Neelie Kroes on the Goals of Antitrust Intervention in Standards-based Industries

In industries governed by standards, it is not always easy to identify the goal of antitrust intervention. Neelie Kroes defined it as follows:

When a market develops in such a way that a particular proprietary technology becomes a de facto standard, then the owner of that technology may have such power over the market that it can lock-in its customers and exclude its competitors’. Where a technology owner exploits that power, then a competition authority or a regulator may need to intervene. In essence, the competition authority has to recreate the conditions of competition that would have emerged from a properly carried out standardisation process.
This definition makes a collaborative standard setting process the normative benchmark even for de facto standards that evolve as a result of the operation of the marketplace.

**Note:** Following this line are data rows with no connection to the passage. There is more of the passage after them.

lemma adversarial_sequence:
  assumes "S \<subseteq> Zs l" "card S = 2 ^ s" "set \<tau> \<subseteq> Xs l"
  shows "\<exists>\<sigma> zs f. set \<sigma> \<subseteq> Xs l \<and> (\<forall>p. Xv p \<in> set \<sigma> \<longrightarrow> p \<subseteq> S) \<and> zs \<in> S \<and>
           endpoint_choice (set \<sigma>) (S - {zs}) f \<and>
           (\<integral>\<omega>. real (deg' \<sigma> (A \<omega> (\<tau> @ \<sigma>)) zs) \<partial>M) \<ge> real s / 2"
  using assms
proof (induction s arbitrary: S \<tau>)
  case 0
  then obtain z where "S = {z}" by (auto simp: card_Suc_eq)
  then show ?case by (intro exI[of _ "[]"] exI[of _ z]) (auto simp: endpoint_choice_empty)
next
  case (Suc s)
  obtain S\<^sub>1 where S\<^sub>1: "S\<^sub>1 \<subseteq> S" "card S\<^sub>1 = 2 ^ s"
    using obtain_subset_with_card_n[of "2 ^ s" S] Suc.prems(2) by auto
  define S\<^sub>2 where "S\<^sub>2 = S - S\<^sub>1"
  have "finite S" using Suc.prems(2) card_ge_0_finite by force
  then have "card S\<^sub>2 = 2 ^ s" using S\<^sub>1 Suc.prems(2) by (simp add: S\<^sub>2_def card_Diff_subset finite_subset)
  obtain \<sigma>\<^sub>1 z\<^sub>1 f\<^sub>1 where \<sigma>\<^sub>1: "set \<sigma>\<^sub>1 \<subseteq> Xs l" "\<forall>p. Xv p \<in> set \<sigma>\<^sub>1 \<longrightarrow> p \<subseteq> S\<^sub>1" "z\<^sub>1 \<in> S\<^sub>1"
      "endpoint_choice (set \<sigma>\<^sub>1) (S\<^sub>1 - {z\<^sub>1}) f\<^sub>1"
      "(\<integral>\<omega>. real (deg' \<sigma>\<^sub>1 (A \<omega> (\<tau> @ \<sigma>\<^sub>1)) z\<^sub>1) \<partial>M) \<ge> real s / 2"
    using Suc.IH[OF _ S\<^sub>1(2) Suc.prems(3)] S\<^sub>1(1) Suc.prems(1) by blast
  have "S\<^sub>2 \<subseteq> Zs l" "set (\<tau> @ \<sigma>\<^sub>1) \<subseteq> Xs l"
    using Suc.prems(1,3) \<sigma>\<^sub>1(1) by (auto simp: S\<^sub>2_def)
  obtain \<sigma>\<^sub>2 z\<^sub>2 f\<^sub>2 where \<sigma>\<^sub>2: "set \<sigma>\<^sub>2 \<subseteq> Xs l" "\<forall>p. Xv p \<in> set \<sigma>\<^sub>2 \<longrightarrow> p \<subseteq> S\<^sub>2" "z\<^sub>2 \<in> S\<^sub>2"
      "endpoint_choice (set \<sigma>\<^sub>2) (S\<^sub>2 - {z\<^sub>2}) f\<^sub>2"
      "(\<integral>\<omega>. real (deg' \<sigma>\<^sub>2 (A \<omega> (\<tau> @ \<sigma>\<^sub>1 @ \<sigma>\<^sub>2)) z\<^sub>2) \<partial>M) \<ge> real s / 2"
    using Suc.IH[OF \<open>S\<^sub>2 \<subseteq> Zs l\<close> \<open>card S\<^sub>2 = 2 ^ s\<close> \<open>set (\<tau> @ \<sigma>\<^sub>1) \<subseteq> Xs l\<close>] by auto
  define x where "x = Xv {z\<^sub>1, z\<^sub>2}"
  define \<rho> where "\<rho> = \<sigma>\<^sub>1 @ \<sigma>\<^sub>2 @ [x]"
  have "z\<^sub>1 \<noteq> z\<^sub>2" "z\<^sub>1 \<in> S" "z\<^sub>2 \<in> S" using \<sigma>\<^sub>1(3) \<sigma>\<^sub>2(3) S\<^sub>1(1) by (auto simp: S\<^sub>2_def)
  then have "x \<in> Xs l" using Suc.prems(1) by (auto simp: x_def Xs_def)
  then have \<rho>_Xs: "set \<rho> \<subseteq> Xs l" using \<sigma>\<^sub>1(1) \<sigma>\<^sub>2(1) by (auto simp: \<rho>_def)
  have \<rho>_S: "\<forall>p. Xv p \<in> set \<rho> \<longrightarrow> p \<subseteq> S"
    using \<sigma>\<^sub>1(2) \<sigma>\<^sub>2(2) \<open>z\<^sub>1 \<in> S\<close> \<open>z\<^sub>2 \<in> S\<close> S\<^sub>1(1) by (auto simp: \<rho>_def x_def S\<^sub>2_def)
  have "x \<notin> set \<sigma>\<^sub>1" "x \<notin> set \<sigma>\<^sub>2"
    using \<sigma>\<^sub>1(2,3) \<sigma>\<^sub>2(2,3) by (auto simp: x_def S\<^sub>2_def)
  then have gain: "real s + 1 \<le> (\<integral>\<omega>. real (deg' \<rho> (A \<omega> (\<tau> @ \<rho>)) z\<^sub>1) \<partial>M)
                    + (\<integral>\<omega>. real (deg' \<rho> (A \<omega> (\<tau> @ \<rho>)) z\<^sub>2) \<partial>M)"
    using expected_deg'_gain[of \<tau> \<sigma>\<^sub>1 \<sigma>\<^sub>2 z\<^sub>1 z\<^sub>2] \<rho>_Xs Suc.prems(3) \<sigma>\<^sub>1(5) \<sigma>\<^sub>2(5)
    unfolding x_def \<rho>_def by simp
  have "S = S\<^sub>1 \<union> S\<^sub>2" "S = S\<^sub>2 \<union> S\<^sub>1" "S\<^sub>1 \<inter> S\<^sub>2 = {}" "S\<^sub>2 \<inter> S\<^sub>1 = {}"
    using S\<^sub>1(1) by (auto simp: S\<^sub>2_def)
  moreover have "set \<rho> = insert x (set \<sigma>\<^sub>1 \<union> set \<sigma>\<^sub>2)" "set \<rho> = insert x (set \<sigma>\<^sub>2 \<union> set \<sigma>\<^sub>1)"
    by (auto simp: \<rho>_def)
  ultimately have choice\<^sub>1: "\<exists>f. endpoint_choice (set \<rho>) (S - {z\<^sub>1}) f"
    and choice\<^sub>2: "\<exists>f. endpoint_choice (set \<rho>) (S - {z\<^sub>2}) f"
    using endpoint_choice_pair_request[OF \<sigma>\<^sub>1(4) \<sigma>\<^sub>2(4) _ \<sigma>\<^sub>1(3) \<sigma>\<^sub>2(3)]
      endpoint_choice_pair_request[OF \<sigma>\<^sub>2(4) \<sigma>\<^sub>1(4) _ \<sigma>\<^sub>2(3) \<sigma>\<^sub>1(3)]
    by (simp_all add: x_def insert_commute)
  let ?E = "\<lambda>z. \<integral>\<omega>. real (deg' \<rho> (A \<omega> (\<tau> @ \<rho>)) z) \<partial>M"
  have "?E z\<^sub>1 \<ge> real (Suc s) / 2 \<or> ?E z\<^sub>2 \<ge> real (Suc s) / 2"
    using gain unfolding of_nat_Suc by argo
  then show ?case
  proof
    assume "?E z\<^sub>1 \<ge> real (Suc s) / 2"
    then show ?thesis using choice\<^sub>1 \<rho>_Xs \<rho>_S \<open>z\<^sub>1 \<in> S\<close> by blast
  next
    assume "?E z\<^sub>2 \<ge> real (Suc s) / 2"
    then show ?thesis using choice\<^sub>2 \<rho>_Xs \<rho>_S \<open>z\<^sub>2 \<in> S\<close> by blast
  qed
qed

2 Responses to “Neelie Kroes on the Goals of Antitrust Intervention in Standards-based Industries”

  1. Norm Says:

    I think you miss the point. We should unconditionally accept market results only from competitive markets. In all other cases, as Neelie Kroes correctly points out, we should do what we can to achieve the same result that a competitive market would have.

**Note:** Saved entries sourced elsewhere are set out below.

lemma circ_dist_sq_le: "(circ_dist x y)\<^sup>2 \<le> (x - y)\<^sup>2"
  unfolding circ_dist_def by (auto simp: min_def abs_le_square_iff[symmetric] abs_if)

lemma borel_measurable_circ_dist[measurable]:
  "(\<lambda>z. circ_dist (fst z) (snd z)) \<in> borel_measurable (borel \<Otimes>\<^sub>M borel)"
  unfolding circ_dist_def by measurable

text \<open>The cost is measured by the nonnegative integral because the Bochner integral in W2 is the
  junk value 0 for a non-integrable cost.\<close>
lemma W2_sq_le_coupling_cost:
  assumes "coupling \<pi> P Q"
  shows "ennreal ((W2 P Q)\<^sup>2) \<le> (\<integral>\<^sup>+z. ennreal ((circ_dist (fst z) (snd z))\<^sup>2) \<partial>\<pi>)"
    (is "_ \<le> ?cost")
proof (cases "?cost = \<infinity>")
  case False
  define S where "S = {(\<integral>z. (circ_dist (fst z) (snd z))\<^sup>2 \<partial>\<pi>') | \<pi>'. coupling \<pi>' P Q}"
  have cost_in_S: "(\<integral>z. (circ_dist (fst z) (snd z))\<^sup>2 \<partial>\<pi>) \<in> S"
    using assms by (auto simp: S_def)
  have S_nonneg: "0 \<le> s" if "s \<in> S" for s
    using that by (auto simp: S_def)
  have "0 \<le> Inf S"
    using cost_in_S S_nonneg by (intro cInf_greatest) auto
  then have "(W2 P Q)\<^sup>2 = Inf S"
    by (simp add: W2_def S_def[symmetric])
  also have "\<dots> \<le> (\<integral>z. (circ_dist (fst z) (snd z))\<^sup>2 \<partial>\<pi>)"
    using cost_in_S S_nonneg by (intro cInf_lower bdd_belowI[of S 0]) auto
  also have "\<dots> \<le> enn2real ?cost"
    using False by (intro integral_real_bounded) (auto simp: less_top)
  finally have "ennreal ((W2 P Q)\<^sup>2) \<le> ennreal (enn2real ?cost)"
    by (rule ennreal_leI)
  also have "ennreal (enn2real ?cost) = ?cost"
    using False by (simp add: less_top)
  finally show ?thesis .
qed simp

    Competitive marketplaces protect consumers. Non-competitive marketplaces serve other interests at the expense of consumers.

  2. Hanno Kaiser Says:

    Suppose you introduce a great product in an industry with direct network effects. Customers love it, and at some point the market tips and your product becomes the de facto standard. In this scenario, the de facto standard is the result of a competitive market. Nevertheless, your newly found dominant position triggers the “special obligations” under Art. 82. If you don’t live up to those obligations, “the competition authority has to recreate the conditions of competition that would have emerged from a properly carried out standardisation process.” What are those conditions? Probably FRAND licensing commitments as they would have been negotiated at a time when there were still technological choices and your market power had not yet been amplified by widespread standards adoption. Thus I don’t think I am misreading her statement: De facto standards are to be evaluated against a benchmark of a hypothetical, ideal SSO situation.